Normalization-Missing Values.png

This normalizer replaces a missing measurement with a consensus value. This value is computed based upon the selection at the drop-down box titled "Averaging method".

Averaging method

  • Mean profile marker - Replaces the missing measurement with the average value (across all microarrays) of its corresponding marker. The average is computed by taking into account only non-missing values.
  • Mean microarray value - Replaces the missing measurement with the average value of its corresponding microarray. The average is computed by taking into account only non-missing values.

Quantile Normalizer

Normalization-Quantile.png


Quantile normalization adjusts the expression measurements in each microarray so that the expression value distribution is the same for all microarrays in the microarray set being normalized. This is a non-linear normalization method which is not dependent upon the choice of a reference or baseline array. A description of the underlying computations can be found in: Bolstad, B et al. (2003). In geWorkbench, the normalization is applied to the probeset level values (not the individual probe values).

Missing Values Averaging method

  • Mean profile marker - Replaces the missing measurement with the average value (across all microarrays) of its corresponding marker. The average is computed by taking into account only non-missing values.
  • Mean microarray value - Replaces the missing measurement with the average value of its corresponding microarray. The average is computed by taking into account only non-missing values.


References:

Bolstad BM, Irizarry RA, Astrand M, Speed TP (2003) A comparison of normalization methods for high density oligonucleotide array data based on variance and bias. Bioinformatics 19(2):185-93. (http://www.ncbi.nlm.nih.gov/pubmed/12538238)
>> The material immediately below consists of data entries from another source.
text \<open>Integrating the tangent-line bound exp(-s) \<ge> (2 - s)/e at s = S_2, using
  E X_1 = 1/2 and E X_2 \<le> 1/3.\<close>
lemma laplace_S2_tangent:
  "ennreal (2 * exp (- 1)) \<le> (\<integral>\<^sup>+\<omega>. ennreal (exp (- (X 1 \<omega> + X 2 \<omega>))) \<partial>M)
     + ennreal (exp (- 1) * (1/2) + exp (- 1) * (1/3))"
proof -
  define L2 where "L2 = (\<integral>\<^sup>+\<omega>. ennreal (exp (- (X 1 \<omega> + X 2 \<omega>))) \<partial>M)"
  define c where "c = exp (- 1::real)"
  have tangent: "ennreal (2 * c) \<le> ennreal (exp (- (X 1 \<omega> + X 2 \<omega>))) + ennreal c * ennreal (X 1 \<omega>) + ennreal c * ennreal (X 2 \<omega>)" for \<omega>
  proof -
    have "c * (2 - (X 1 \<omega> + X 2 \<omega>)) \<le> c * exp (1 - (X 1 \<omega> + X 2 \<omega>))"
      using exp_ge_add_one_self[of "1 - (X 1 \<omega> + X 2 \<omega>)"] by (intro mult_left_mono) (auto simp: c_def)
    also have "\<dots> = exp (- (X 1 \<omega> + X 2 \<omega>))" by (simp add: c_def exp_add[symmetric])
    finally show ?thesis using X_nonneg[of 1 \<omega>] X_nonneg[of 2 \<omega>]
      by (simp add: c_def algebra_simps ennreal_mult'[symmetric] ennreal_plus[symmetric] del: ennreal_plus)
  qed
  have "ennreal (2 * c) = (\<integral>\<^sup>+\<omega>. ennreal (2 * c) \<partial>M)" by (simp add: emeasure_space_1)
  also have "\<dots> \<le> (\<integral>\<^sup>+\<omega>. ennreal (exp (- (X 1 \<omega> + X 2 \<omega>)))
      + ennreal c * ennreal (X 1 \<omega>) + ennreal c * ennreal (X 2 \<omega>) \<partial>M)"
    by (intro nn_integral_mono tangent)
  also have "\<dots> = L2 + ennreal c * (\<integral>\<^sup>+\<omega>. ennreal (X 1 \<omega>) \<partial>M) + ennreal c * (\<integral>\<^sup>+\<omega>. ennreal (X 2 \<omega>) \<partial>M)"
    unfolding L2_def by (simp add: nn_integral_add nn_integral_cmult)
  also have "\<dots> \<le> L2 + ennreal c * ennreal (1/2) + ennreal c * ennreal (1/3)"
    using uniform01_mean[OF X_measurable X1_unif] mean_X2_le by (intro add_mono mult_left_mono order_refl) auto
  also have "\<dots> = L2 + ennreal (c * (1/2) + c * (1/3))"
  proof -
    have c: "0 \<le> c" by (simp add: c_def)
    then have "ennreal (c * (1/2) + c * (1/3)) = ennreal (c * (1/2)) + ennreal (c * (1/3))"
      by (intro ennreal_plus) simp_all
    also have "\<dots> = ennreal c * ennreal (1/2) + ennreal c * ennreal (1/3)"
      by (simp only: ennreal_mult'[OF c])
    finally show ?thesis by (simp only: add.assoc)
  qed
  finally show ?thesis unfolding L2_def c_def .
qed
Supplementary information: http://bmbolstad.com/misc/normalize/normalize.html.

Threshold Normalizer

Normalization-Threshold.png

Allows a minimum or maximum value for the data to be set. If a minimum value is specified, any value less than that will be set to the given minimum value. If a maximum value is specified, any value greater than that will be set to the given maxium value.


Threshold Parameters

  • Cut-off value - Enter a real-number value for the desired cut-off.
  • Cut-off type
    • Minimum - Any expression value less than the specified cut-off value is set equal to the cut-off value (floor).
    • Maximum - Any expression value greater than the specified cut-off value is set equal to the cut-off value (ceiling).
  • Missing values
    • Ignore - Do not change missing values.
    • Replace - Replace missing values with the specified cut-off value.